** Opening Records block **

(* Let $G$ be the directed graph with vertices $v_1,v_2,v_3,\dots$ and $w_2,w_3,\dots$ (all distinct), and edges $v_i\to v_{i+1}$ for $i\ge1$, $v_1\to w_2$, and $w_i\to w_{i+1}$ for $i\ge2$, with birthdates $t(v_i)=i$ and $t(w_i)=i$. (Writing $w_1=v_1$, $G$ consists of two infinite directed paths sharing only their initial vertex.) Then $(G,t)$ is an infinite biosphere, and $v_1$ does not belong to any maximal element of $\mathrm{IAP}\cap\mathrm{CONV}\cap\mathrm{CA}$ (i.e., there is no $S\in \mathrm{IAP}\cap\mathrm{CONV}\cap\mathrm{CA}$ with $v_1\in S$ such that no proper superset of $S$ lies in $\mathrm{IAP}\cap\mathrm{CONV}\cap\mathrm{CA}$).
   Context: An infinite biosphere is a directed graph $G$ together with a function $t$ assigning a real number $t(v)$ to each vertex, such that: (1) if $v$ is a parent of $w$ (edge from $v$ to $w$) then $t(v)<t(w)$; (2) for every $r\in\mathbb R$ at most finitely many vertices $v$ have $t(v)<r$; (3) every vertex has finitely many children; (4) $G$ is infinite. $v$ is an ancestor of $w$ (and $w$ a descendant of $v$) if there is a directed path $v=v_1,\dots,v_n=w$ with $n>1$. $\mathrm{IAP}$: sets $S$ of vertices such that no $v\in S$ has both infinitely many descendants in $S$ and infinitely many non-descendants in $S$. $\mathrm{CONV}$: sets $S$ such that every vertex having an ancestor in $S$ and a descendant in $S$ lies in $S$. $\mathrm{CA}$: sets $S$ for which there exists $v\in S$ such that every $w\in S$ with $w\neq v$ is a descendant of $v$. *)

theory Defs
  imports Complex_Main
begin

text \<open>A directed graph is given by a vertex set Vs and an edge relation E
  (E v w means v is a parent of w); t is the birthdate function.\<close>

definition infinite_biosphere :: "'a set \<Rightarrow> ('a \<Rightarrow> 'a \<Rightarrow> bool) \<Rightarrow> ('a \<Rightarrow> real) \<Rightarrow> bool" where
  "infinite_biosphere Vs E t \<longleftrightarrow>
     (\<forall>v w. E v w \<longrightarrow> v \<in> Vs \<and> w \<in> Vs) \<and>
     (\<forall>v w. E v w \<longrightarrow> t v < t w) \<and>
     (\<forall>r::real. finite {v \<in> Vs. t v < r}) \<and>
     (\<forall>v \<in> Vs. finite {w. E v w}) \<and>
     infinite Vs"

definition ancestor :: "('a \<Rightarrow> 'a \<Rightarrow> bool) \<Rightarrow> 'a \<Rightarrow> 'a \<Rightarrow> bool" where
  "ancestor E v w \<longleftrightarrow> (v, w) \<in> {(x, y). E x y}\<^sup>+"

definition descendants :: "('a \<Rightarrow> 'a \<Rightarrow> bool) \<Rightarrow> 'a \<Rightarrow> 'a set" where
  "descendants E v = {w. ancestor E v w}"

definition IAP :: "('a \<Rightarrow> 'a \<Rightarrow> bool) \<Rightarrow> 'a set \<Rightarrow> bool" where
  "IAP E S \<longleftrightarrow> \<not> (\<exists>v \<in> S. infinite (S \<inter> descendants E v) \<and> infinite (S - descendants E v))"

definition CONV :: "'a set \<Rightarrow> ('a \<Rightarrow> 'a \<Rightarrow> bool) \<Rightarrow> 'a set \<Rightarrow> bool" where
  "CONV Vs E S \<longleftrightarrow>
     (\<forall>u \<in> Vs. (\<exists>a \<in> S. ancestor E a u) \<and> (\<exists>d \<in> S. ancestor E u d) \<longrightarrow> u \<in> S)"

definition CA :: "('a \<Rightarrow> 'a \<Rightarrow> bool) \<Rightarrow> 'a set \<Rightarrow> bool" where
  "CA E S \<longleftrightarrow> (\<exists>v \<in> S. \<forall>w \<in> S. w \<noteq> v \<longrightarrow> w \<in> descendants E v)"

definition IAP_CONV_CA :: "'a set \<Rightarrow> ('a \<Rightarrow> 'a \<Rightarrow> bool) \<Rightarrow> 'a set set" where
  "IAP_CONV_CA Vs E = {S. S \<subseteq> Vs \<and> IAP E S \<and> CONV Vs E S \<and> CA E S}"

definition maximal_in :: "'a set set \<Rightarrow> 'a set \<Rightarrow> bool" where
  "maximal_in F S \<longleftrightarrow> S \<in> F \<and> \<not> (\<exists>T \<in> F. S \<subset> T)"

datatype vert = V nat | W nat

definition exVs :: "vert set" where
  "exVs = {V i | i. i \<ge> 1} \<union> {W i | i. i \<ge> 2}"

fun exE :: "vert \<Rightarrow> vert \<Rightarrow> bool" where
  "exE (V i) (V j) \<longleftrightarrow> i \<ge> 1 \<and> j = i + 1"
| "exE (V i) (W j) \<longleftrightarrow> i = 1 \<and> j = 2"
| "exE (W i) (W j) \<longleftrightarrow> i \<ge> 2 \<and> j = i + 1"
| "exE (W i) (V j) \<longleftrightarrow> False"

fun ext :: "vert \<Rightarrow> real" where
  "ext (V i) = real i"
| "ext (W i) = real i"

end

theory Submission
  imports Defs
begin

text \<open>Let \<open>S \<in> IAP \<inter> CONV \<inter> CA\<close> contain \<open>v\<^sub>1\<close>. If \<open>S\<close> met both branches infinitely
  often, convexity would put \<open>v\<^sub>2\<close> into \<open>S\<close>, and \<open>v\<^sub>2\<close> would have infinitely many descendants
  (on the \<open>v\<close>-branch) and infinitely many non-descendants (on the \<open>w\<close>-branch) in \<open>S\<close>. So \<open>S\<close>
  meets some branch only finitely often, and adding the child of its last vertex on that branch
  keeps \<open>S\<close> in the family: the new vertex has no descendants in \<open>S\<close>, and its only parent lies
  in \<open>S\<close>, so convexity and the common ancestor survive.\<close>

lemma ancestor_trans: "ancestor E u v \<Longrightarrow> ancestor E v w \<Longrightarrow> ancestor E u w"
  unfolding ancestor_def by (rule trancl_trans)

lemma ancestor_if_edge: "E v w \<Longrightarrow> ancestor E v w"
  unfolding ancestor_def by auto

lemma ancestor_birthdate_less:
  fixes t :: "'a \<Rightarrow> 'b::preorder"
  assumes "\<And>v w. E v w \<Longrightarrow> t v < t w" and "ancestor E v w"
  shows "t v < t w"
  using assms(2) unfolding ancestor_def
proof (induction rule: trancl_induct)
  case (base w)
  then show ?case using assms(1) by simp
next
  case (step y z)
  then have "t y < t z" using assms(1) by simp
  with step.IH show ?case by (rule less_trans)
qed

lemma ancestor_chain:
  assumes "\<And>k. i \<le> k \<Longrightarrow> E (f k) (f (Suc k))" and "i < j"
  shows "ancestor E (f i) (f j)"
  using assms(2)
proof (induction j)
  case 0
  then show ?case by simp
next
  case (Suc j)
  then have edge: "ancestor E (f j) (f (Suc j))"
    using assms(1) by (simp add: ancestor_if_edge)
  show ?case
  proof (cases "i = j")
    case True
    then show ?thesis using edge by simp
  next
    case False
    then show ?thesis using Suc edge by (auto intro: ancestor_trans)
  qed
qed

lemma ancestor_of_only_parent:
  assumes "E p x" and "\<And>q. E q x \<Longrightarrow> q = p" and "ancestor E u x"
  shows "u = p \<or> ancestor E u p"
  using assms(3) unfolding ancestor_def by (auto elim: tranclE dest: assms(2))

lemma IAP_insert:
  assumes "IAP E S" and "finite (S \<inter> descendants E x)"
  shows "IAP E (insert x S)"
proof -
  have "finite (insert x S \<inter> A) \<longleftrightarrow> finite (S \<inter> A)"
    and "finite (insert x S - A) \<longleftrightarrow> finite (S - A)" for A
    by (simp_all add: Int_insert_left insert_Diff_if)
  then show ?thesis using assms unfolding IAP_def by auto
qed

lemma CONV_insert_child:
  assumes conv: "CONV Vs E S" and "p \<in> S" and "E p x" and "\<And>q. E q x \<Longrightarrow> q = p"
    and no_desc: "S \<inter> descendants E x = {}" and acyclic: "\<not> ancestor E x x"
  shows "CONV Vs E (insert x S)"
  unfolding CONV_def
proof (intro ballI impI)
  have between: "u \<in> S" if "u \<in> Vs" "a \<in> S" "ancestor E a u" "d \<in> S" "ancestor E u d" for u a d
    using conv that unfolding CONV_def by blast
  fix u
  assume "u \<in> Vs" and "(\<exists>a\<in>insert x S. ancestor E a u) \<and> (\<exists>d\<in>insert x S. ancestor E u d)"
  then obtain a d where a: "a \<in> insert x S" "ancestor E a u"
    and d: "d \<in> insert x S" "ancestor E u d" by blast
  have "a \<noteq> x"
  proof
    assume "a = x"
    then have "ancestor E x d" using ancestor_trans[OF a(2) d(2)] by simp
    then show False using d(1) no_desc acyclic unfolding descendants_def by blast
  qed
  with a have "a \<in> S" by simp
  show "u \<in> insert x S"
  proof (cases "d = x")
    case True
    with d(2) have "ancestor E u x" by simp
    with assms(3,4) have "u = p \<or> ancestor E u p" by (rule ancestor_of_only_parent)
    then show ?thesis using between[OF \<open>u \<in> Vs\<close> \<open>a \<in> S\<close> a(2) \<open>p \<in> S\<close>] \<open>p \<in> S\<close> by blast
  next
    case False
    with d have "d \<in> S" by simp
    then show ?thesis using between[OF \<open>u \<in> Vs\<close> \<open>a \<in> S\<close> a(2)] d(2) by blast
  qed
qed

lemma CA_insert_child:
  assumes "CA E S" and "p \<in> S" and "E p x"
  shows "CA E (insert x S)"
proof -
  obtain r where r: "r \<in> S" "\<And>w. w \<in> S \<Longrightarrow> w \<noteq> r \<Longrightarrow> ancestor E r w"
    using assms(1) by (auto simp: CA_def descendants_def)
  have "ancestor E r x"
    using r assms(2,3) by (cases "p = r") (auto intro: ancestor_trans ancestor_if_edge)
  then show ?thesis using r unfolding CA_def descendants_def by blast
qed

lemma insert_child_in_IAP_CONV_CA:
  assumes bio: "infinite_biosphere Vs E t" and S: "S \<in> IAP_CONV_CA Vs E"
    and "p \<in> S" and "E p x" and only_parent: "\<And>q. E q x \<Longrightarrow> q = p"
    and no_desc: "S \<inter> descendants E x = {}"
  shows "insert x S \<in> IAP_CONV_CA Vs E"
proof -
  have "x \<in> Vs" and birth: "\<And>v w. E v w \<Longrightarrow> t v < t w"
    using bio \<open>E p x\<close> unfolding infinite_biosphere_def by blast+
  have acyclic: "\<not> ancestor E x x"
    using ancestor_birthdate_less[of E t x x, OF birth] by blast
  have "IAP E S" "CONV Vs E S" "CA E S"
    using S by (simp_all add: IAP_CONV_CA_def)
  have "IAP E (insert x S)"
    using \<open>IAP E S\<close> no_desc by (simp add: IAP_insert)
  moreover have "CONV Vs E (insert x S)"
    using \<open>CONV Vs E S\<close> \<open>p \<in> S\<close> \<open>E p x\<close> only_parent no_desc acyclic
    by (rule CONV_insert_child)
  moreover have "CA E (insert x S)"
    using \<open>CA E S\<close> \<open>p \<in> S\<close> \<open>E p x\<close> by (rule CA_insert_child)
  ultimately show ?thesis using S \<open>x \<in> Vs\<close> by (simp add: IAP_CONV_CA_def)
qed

** Closing Records block **
** Opening Records block **

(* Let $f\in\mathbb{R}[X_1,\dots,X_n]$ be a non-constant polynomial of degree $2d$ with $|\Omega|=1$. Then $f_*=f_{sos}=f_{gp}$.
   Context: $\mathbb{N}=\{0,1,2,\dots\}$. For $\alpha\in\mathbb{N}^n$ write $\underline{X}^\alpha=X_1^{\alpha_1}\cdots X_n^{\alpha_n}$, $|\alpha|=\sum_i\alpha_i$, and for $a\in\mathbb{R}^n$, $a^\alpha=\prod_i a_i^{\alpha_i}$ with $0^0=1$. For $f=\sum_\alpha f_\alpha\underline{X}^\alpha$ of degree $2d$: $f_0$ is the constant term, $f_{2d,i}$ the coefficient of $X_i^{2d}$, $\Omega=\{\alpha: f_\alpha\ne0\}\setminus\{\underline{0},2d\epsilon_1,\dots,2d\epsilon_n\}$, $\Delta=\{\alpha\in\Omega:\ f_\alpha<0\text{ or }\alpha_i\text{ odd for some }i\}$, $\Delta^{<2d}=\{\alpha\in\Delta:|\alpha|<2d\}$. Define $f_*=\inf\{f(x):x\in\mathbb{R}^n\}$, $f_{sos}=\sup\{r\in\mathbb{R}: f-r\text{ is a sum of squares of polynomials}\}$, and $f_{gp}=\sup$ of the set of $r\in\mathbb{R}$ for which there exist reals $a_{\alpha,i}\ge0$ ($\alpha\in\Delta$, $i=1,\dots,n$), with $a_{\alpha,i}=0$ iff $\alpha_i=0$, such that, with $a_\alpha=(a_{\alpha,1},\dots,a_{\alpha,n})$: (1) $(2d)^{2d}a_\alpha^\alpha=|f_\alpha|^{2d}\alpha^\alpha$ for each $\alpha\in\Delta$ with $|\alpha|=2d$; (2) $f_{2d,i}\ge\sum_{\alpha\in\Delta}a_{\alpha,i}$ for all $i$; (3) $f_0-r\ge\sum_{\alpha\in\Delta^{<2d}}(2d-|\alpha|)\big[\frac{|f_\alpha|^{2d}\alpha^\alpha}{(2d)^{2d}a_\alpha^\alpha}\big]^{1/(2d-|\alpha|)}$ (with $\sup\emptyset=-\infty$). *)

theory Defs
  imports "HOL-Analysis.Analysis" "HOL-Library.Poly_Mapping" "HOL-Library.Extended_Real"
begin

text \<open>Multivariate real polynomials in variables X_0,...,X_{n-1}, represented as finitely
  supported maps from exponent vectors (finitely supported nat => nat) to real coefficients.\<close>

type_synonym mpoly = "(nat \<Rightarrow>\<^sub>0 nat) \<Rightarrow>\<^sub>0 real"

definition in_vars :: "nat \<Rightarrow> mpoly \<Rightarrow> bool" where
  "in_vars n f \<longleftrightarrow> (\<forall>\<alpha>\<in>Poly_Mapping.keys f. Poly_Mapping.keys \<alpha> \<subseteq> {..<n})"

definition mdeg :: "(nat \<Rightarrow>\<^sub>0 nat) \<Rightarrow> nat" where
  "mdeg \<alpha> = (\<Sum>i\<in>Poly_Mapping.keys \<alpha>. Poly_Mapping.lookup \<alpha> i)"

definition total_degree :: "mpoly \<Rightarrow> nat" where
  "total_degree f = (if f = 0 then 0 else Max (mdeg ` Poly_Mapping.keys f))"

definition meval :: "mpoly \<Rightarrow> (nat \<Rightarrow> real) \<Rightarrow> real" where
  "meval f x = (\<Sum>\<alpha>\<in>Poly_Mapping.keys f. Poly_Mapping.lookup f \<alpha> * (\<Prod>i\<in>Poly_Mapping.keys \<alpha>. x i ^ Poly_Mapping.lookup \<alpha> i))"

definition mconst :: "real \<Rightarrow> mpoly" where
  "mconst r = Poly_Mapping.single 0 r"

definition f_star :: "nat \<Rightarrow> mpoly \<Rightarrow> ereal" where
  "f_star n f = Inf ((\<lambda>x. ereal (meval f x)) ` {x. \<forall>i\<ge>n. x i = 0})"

** Closing Records block **

:: Problem to work on ::
In your answer, include only the lines above starting at the line that holds "using bio \<open>E" and ending at the line that holds "using \<open>IAP E", copied exactly.

:: The completed task ::
    using bio \<open>E p x\<close> unfolding infinite_biosphere_def by blast+
  have acyclic: "\<not> ancestor E x x"
    using ancestor_birthdate_less[of E t x x, OF birth] by blast
  have "IAP E S" "CONV Vs E S" "CA E S"
    using S by (simp_all add: IAP_CONV_CA_def)
  have "IAP E (insert x S)"
    using \<open>IAP E S\<close> no_desc by (simp add: IAP_insert)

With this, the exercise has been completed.